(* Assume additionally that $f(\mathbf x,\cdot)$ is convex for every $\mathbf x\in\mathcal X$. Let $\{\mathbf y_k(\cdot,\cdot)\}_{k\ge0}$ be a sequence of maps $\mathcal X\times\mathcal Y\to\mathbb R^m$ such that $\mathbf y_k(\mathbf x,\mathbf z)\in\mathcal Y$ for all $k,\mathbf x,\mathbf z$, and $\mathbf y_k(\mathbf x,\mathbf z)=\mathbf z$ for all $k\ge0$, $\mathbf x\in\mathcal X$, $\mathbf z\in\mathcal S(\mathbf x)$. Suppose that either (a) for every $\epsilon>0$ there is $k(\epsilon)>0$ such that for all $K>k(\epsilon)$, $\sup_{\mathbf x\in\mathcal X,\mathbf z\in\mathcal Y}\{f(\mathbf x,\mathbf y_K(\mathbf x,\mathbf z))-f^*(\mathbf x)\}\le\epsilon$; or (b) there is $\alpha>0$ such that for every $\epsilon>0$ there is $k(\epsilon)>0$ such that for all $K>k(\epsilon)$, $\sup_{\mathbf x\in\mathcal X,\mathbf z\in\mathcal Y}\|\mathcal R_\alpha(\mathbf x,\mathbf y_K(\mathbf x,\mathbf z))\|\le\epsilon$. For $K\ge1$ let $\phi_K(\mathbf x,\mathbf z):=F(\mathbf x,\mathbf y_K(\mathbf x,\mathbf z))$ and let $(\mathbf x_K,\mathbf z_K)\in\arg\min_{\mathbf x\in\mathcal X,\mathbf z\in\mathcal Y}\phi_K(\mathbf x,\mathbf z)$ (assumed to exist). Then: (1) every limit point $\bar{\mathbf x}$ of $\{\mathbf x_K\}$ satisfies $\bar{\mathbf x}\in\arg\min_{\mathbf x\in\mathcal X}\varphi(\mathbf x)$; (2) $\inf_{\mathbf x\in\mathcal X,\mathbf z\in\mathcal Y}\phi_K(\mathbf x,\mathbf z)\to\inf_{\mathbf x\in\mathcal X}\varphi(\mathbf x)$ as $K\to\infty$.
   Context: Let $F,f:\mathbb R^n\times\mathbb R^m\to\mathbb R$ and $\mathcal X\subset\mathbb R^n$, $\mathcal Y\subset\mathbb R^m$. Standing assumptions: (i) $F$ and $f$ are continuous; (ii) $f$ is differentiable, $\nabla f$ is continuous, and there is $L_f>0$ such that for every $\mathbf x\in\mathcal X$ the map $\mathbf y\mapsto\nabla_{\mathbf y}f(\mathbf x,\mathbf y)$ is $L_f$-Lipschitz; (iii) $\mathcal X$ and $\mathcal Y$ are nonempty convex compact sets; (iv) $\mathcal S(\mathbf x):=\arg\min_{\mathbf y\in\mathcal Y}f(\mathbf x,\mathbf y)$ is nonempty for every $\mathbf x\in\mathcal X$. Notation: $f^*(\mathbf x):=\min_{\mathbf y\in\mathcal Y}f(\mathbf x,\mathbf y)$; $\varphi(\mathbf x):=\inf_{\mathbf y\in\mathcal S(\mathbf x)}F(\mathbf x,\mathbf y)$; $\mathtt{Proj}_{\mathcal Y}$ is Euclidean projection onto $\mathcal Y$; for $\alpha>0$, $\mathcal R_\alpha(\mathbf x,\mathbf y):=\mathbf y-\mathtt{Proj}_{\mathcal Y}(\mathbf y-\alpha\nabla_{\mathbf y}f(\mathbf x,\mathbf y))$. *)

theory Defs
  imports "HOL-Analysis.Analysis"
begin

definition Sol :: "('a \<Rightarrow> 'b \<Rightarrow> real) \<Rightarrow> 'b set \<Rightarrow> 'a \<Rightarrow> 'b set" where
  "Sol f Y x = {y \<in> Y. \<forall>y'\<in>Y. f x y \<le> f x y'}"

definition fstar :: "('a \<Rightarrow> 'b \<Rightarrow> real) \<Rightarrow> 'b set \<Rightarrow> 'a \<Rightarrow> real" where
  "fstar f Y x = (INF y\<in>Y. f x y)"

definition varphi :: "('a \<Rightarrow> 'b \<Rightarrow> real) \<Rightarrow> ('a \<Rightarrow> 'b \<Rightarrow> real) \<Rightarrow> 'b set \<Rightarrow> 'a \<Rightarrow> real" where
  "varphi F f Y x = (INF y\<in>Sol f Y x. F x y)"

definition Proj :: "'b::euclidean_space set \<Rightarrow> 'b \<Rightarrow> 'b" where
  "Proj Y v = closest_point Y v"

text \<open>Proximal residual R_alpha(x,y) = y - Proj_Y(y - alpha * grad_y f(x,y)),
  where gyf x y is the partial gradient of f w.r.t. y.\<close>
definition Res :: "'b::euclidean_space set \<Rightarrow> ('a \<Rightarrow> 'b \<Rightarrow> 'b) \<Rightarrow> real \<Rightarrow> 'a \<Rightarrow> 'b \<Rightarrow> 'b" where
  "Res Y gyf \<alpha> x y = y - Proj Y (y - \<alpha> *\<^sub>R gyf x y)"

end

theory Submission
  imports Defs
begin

◇ ◇ ◇

Repeat every record, keeping each word and mark exactly as it is.

(* Assume additionally that $f(\mathbf x,\cdot)$ is convex for every $\mathbf x\in\mathcal X$. Let $\{\mathbf y_k(\cdot,\cdot)\}_{k\ge0}$ be a sequence of maps $\mathcal X\times\mathcal Y\to\mathbb R^m$ such that $\mathbf y_k(\mathbf x,\mathbf z)\in\mathcal Y$ for all $k,\mathbf x,\mathbf z$, and $\mathbf y_k(\mathbf x,\mathbf z)=\mathbf z$ for all $k\ge0$, $\mathbf x\in\mathcal X$, $\mathbf z\in\mathcal S(\mathbf x)$. Suppose that either (a) for every $\epsilon>0$ there is $k(\epsilon)>0$ such that for all $K>k(\epsilon)$, $\sup_{\mathbf x\in\mathcal X,\mathbf z\in\mathcal Y}\{f(\mathbf x,\mathbf y_K(\mathbf x,\mathbf z))-f^*(\mathbf x)\}\le\epsilon$; or (b) there is $\alpha>0$ such that for every $\epsilon>0$ there is $k(\epsilon)>0$ such that for all $K>k(\epsilon)$, $\sup_{\mathbf x\in\mathcal X,\mathbf z\in\mathcal Y}\|\mathcal R_\alpha(\mathbf x,\mathbf y_K(\mathbf x,\mathbf z))\|\le\epsilon$. For $K\ge1$ let $\phi_K(\mathbf x,\mathbf z):=F(\mathbf x,\mathbf y_K(\mathbf x,\mathbf z))$ and let $(\mathbf x_K,\mathbf z_K)\in\arg\min_{\mathbf x\in\mathcal X,\mathbf z\in\mathcal Y}\phi_K(\mathbf x,\mathbf z)$ (assumed to exist). Then: (1) every limit point $\bar{\mathbf x}$ of $\{\mathbf x_K\}$ satisfies $\bar{\mathbf x}\in\arg\min_{\mathbf x\in\mathcal X}\varphi(\mathbf x)$; (2) $\inf_{\mathbf x\in\mathcal X,\mathbf z\in\mathcal Y}\phi_K(\mathbf x,\mathbf z)\to\inf_{\mathbf x\in\mathcal X}\varphi(\mathbf x)$ as $K\to\infty$.
   Context: Let $F,f:\mathbb R^n\times\mathbb R^m\to\mathbb R$ and $\mathcal X\subset\mathbb R^n$, $\mathcal Y\subset\mathbb R^m$. Standing assumptions: (i) $F$ and $f$ are continuous; (ii) $f$ is differentiable, $\nabla f$ is continuous, and there is $L_f>0$ such that for every $\mathbf x\in\mathcal X$ the map $\mathbf y\mapsto\nabla_{\mathbf y}f(\mathbf x,\mathbf y)$ is $L_f$-Lipschitz; (iii) $\mathcal X$ and $\mathcal Y$ are nonempty convex compact sets; (iv) $\mathcal S(\mathbf x):=\arg\min_{\mathbf y\in\mathcal Y}f(\mathbf x,\mathbf y)$ is nonempty for every $\mathbf x\in\mathcal X$. Notation: $f^*(\mathbf x):=\min_{\mathbf y\in\mathcal Y}f(\mathbf x,\mathbf y)$; $\varphi(\mathbf x):=\inf_{\mathbf y\in\mathcal S(\mathbf x)}F(\mathbf x,\mathbf y)$; $\mathtt{Proj}_{\mathcal Y}$ is Euclidean projection onto $\mathcal Y$; for $\alpha>0$, $\mathcal R_\alpha(\mathbf x,\mathbf y):=\mathbf y-\mathtt{Proj}_{\mathcal Y}(\mathbf y-\alpha\nabla_{\mathbf y}f(\mathbf x,\mathbf y))$. *)

theory Defs
  imports "HOL-Analysis.Analysis"
begin

definition Sol :: "('a \<Rightarrow> 'b \<Rightarrow> real) \<Rightarrow> 'b set \<Rightarrow> 'a \<Rightarrow> 'b set" where
  "Sol f Y x = {y \<in> Y. \<forall>y'\<in>Y. f x y \<le> f x y'}"

definition fstar :: "('a \<Rightarrow> 'b \<Rightarrow> real) \<Rightarrow> 'b set \<Rightarrow> 'a \<Rightarrow> real" where
  "fstar f Y x = (INF y\<in>Y. f x y)"

definition varphi :: "('a \<Rightarrow> 'b \<Rightarrow> real) \<Rightarrow> ('a \<Rightarrow> 'b \<Rightarrow> real) \<Rightarrow> 'b set \<Rightarrow> 'a \<Rightarrow> real" where
  "varphi F f Y x = (INF y\<in>Sol f Y x. F x y)"

definition Proj :: "'b::euclidean_space set \<Rightarrow> 'b \<Rightarrow> 'b" where
  "Proj Y v = closest_point Y v"

text \<open>Proximal residual R_alpha(x,y) = y - Proj_Y(y - alpha * grad_y f(x,y)),
  where gyf x y is the partial gradient of f w.r.t. y.\<close>
definition Res :: "'b::euclidean_space set \<Rightarrow> ('a \<Rightarrow> 'b \<Rightarrow> 'b) \<Rightarrow> real \<Rightarrow> 'a \<Rightarrow> 'b \<Rightarrow> 'b" where
  "Res Y gyf \<alpha> x y = y - Proj Y (y - \<alpha> *\<^sub>R gyf x y)"

end

theory Submission
  imports Defs
begin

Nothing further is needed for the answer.